(Beginning of Data to examine)
lemma norm_character_le:
  assumes f: "unital_star_hom A complex_cstar f" and b: "b \<in> carr"
  shows "cmod (f b) \<le> norm_A b"
proof (rule ccontr)
  assume "\<not> cmod (f b) \<le> norm_A b"
  then have less: "norm_A b < cmod (f b)" by simp
  then have fb: "f b \<noteq> 0"
    using norm_nonneg[OF b] by auto
  define b' where "b' = (1 / f b) \<odot> b"
  have b': "b' \<in> carr"
    unfolding b'_def using b by simp
  have "f b' = 1"
    unfolding b'_def using f b fb by (simp add: unital_star_hom_complex_iff)
  have "norm_A b' < 1"
    unfolding b'_def using b less fb by (simp add: norm_smult norm_divide)
  then obtain L where L: "L \<in> carr" and inv: "(\<one> \<ominus> b') \<otimes> L = \<one>"
    using one_minus_right_invertible[OF b'] by blast
  have "1 = f ((\<one> \<ominus> b') \<otimes> L)"
    using f by (simp add: inv unital_star_hom_complex_iff)
  also have "\<dots> = (f \<one> - f b') * f L"
    using f b' L by (simp add: unital_star_hom_complex_iff character_diff)
  also have "\<dots> = 0"
    using f \<open>f b' = 1\<close> by (simp add: unital_star_hom_complex_iff)
  finally show False by simp
qed

lemma scalar_coeff_smult_one [simp]: "scalar_coeff A (c \<odot> \<one>) = c"
  unfolding scalar_coeff_def by (simp add: smult_one_inject)

lemma scalar_coeff_one [simp]: "scalar_coeff A \<one> = 1"
  using scalar_coeff_smult_one[of 1] by simp

lemma character_scalar_coeff:
  assumes h: "unital_star_hom A A h" and scalar: "\<forall>a\<in>carr. \<exists>c. h a = c \<odot> \<one>"
  shows "unital_star_hom A complex_cstar (\<lambda>a. scalar_coeff A (h a))"
proof -
  have hom: "\<forall>a\<in>carr. \<forall>b\<in>carr. h (a \<oplus> b) = h a \<oplus> h b"
    "\<forall>a\<in>carr. \<forall>b\<in>carr. h (a \<otimes> b) = h a \<otimes> h b"
    "\<forall>k. \<forall>a\<in>carr. h (k \<odot> a) = k \<odot> h a"
    "\<forall>a\<in>carr. h (star_A a) = star_A (h a)"
    "h \<one> = \<one>"
    using h by (simp_all add: unital_star_hom_def Let_def)
  have binary: "scalar_coeff A (h (a \<oplus> b)) = scalar_coeff A (h a) + scalar_coeff A (h b) \<and>
      scalar_coeff A (h (a \<otimes> b)) = scalar_coeff A (h a) * scalar_coeff A (h b)"
    if ab: "a \<in> carr" "b \<in> carr" for a b
  proof -
    obtain c d where "h a = c \<odot> \<one>" "h b = d \<odot> \<one>"
      using scalar ab by blast
    then show ?thesis
      using hom(1,2) ab smult_add_left[of \<one> c d, symmetric] by simp
  qed
  have unary: "scalar_coeff A (h (k \<odot> a)) = k * scalar_coeff A (h a) \<and>
      scalar_coeff A (h (star_A a)) = cnj (scalar_coeff A (h a))"
    if a: "a \<in> carr" for k a
  proof -
    obtain c where "h a = c \<odot> \<one>"
      using scalar a by blast
    then show ?thesis
      using hom(3,4) a by simp
  qed
  show ?thesis
    unfolding unital_star_hom_complex_iff using binary unary hom(5) by simp
qed

lemma cs_continuous_on_iff_tendsto:
  assumes "\<forall>y\<in>S. F y \<in> carr"
  shows "cs_continuous_on A S F \<longleftrightarrow> (\<forall>x\<in>S. ((\<lambda>y. norm_A (F y \<ominus> F x)) \<longlongrightarrow> 0) (at x within S))"
proof -
  have "(\<forall>e>0. \<forall>\<^sub>F y in at x within S. norm_A (F y \<ominus> F x) < e) \<longleftrightarrow>
      ((\<lambda>y. norm_A (F y \<ominus> F x)) \<longlongrightarrow> 0) (at x within S)" if x: "x \<in> S" for x
  proof -
    have "\<forall>\<^sub>F y in at x within S. (dist (norm_A (F y \<ominus> F x)) 0 < e) = (norm_A (F y \<ominus> F x) < e)" for e
      unfolding eventually_at_filter
      by (rule always_eventually) (use assms x in \<open>auto simp: norm_nonneg\<close>)
    then have "(\<forall>\<^sub>F y in at x within S. dist (norm_A (F y \<ominus> F x)) 0 < e) =
        (\<forall>\<^sub>F y in at x within S. norm_A (F y \<ominus> F x) < e)" for e
      by (rule eventually_subst)
    then show ?thesis
      unfolding tendsto_iff by simp
  qed
  then show ?thesis
    unfolding cs_continuous_on_def by blast
qed

lemma cs_continuous_on_compose:
  assumes F: "cs_continuous_on A S F" "\<forall>p\<in>S. F p \<in> carr"
    and m: "continuous_on R m" "m ` R \<subseteq> S"
  shows "cs_continuous_on A R (\<lambda>y. F (m y))"
proof -
  have FmC: "\<forall>y\<in>R. F (m y) \<in> carr"
    using F(2) m(2) by auto
  have "((\<lambda>y. norm_A (F (m y) \<ominus> F (m x))) \<longlongrightarrow> 0) (at x within R)" if x: "x \<in> R" for x
  proof -
    let ?h = "\<lambda>q. norm_A (F q \<ominus> F (m x))"
    have mx: "m x \<in> S"
      using x m(2) by auto
    then have "(?h \<longlongrightarrow> ?h (m x)) (at (m x) within S)"
      using F unfolding cs_continuous_on_iff_tendsto[OF F(2)] by simp
    then have "(?h \<longlongrightarrow> 0) (inf (nhds (m x)) (principal S))"
      using tendsto_at_within_iff_tendsto_nhds[of ?h "m x" S] F(2) mx by simp
    moreover have "filterlim m (inf (nhds (m x)) (principal S)) (at x within R)"
      unfolding filterlim_inf filterlim_principal
    proof
      show "(m \<longlongrightarrow> m x) (at x within R)"
        using m(1) x unfolding continuous_on_def by blast
      show "\<forall>\<^sub>F y in at x within R. m y \<in> S"
        unfolding eventually_at_filter by (rule always_eventually) (use m(2) in blast)
    qed
    ultimately show ?thesis
      by (rule filterlim_compose)
  qed
  then show ?thesis
    using cs_continuous_on_iff_tendsto[OF FmC] by blast
qed

lemma continuous_on_scalar_coeff:
  assumes B: "cs_continuous_on A S B" and scalar: "\<forall>y\<in>S. \<exists>c. B y = c \<odot> \<one>"
  shows "continuous_on S (\<lambda>y. scalar_coeff A (B y))"
  unfolding continuous_on_def
proof (intro ballI)
  fix x assume x: "x \<in> S"
  have BC: "\<forall>y\<in>S. B y \<in> carr"
  proof
    fix y assume "y \<in> S"
    from bspec[OF scalar this] obtain c where "B y = c \<odot> \<one>" ..
    then show "B y \<in> carr" by simp
  qed
  have dist_eq: "norm_A (B y \<ominus> B x) / norm_A \<one> = dist (scalar_coeff A (B y)) (scalar_coeff A (B x))"
    if y: "y \<in> S" for y
  proof -
    from bspec[OF scalar y] obtain c where c: "B y = c \<odot> \<one>" ..
    from bspec[OF scalar x] obtain d where d: "B x = d \<odot> \<one>" ..
    show ?thesis
      unfolding c d using norm_one_pos by (simp add: diff_smult_one norm_smult dist_norm)
  qed
  have "((\<lambda>y. norm_A (B y \<ominus> B x)) \<longlongrightarrow> 0) (at x within S)"
    using B x cs_continuous_on_iff_tendsto[OF BC] by simp
  then have "((\<lambda>y. norm_A (B y \<ominus> B x) / norm_A \<one>) \<longlongrightarrow> 0) (at x within S)"
    by (rule tendsto_divide_zero)
  moreover have "\<forall>\<^sub>F y in at x within S.
      norm_A (B y \<ominus> B x) / norm_A \<one> = dist (scalar_coeff A (B y)) (scalar_coeff A (B x))"
    unfolding eventually_at_filter by (rule always_eventually) (simp add: dist_eq)
  ultimately have "((\<lambda>y. dist (scalar_coeff A (B y)) (scalar_coeff A (B x))) \<longlongrightarrow> 0) (at x within S)"
    by (rule Lim_transform_eventually)
  then show "((\<lambda>y. scalar_coeff A (B y)) \<longlongrightarrow> scalar_coeff A (B x)) (at x within S)"
    by (rule tendsto_dist_iff[THEN iffD2])
qed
(End of Data to examine)
→ **What is expected**
Report each line in the data above that holds the word "otimes" by copying it.

→ **Solution**
  then obtain L where L: "L \<in> carr" and inv: "(\<one> \<ominus> b') \<otimes> L = \<one>"
  have "1 = f ((\<one> \<ominus> b') \<otimes> L)"
    "\<forall>a\<in>carr. \<forall>b\<in>carr. h (a \<otimes> b) = h a \<otimes> h b"
      scalar_coeff A (h (a \<otimes> b)) = scalar_coeff A (h a) * scalar_coeff A (h b)"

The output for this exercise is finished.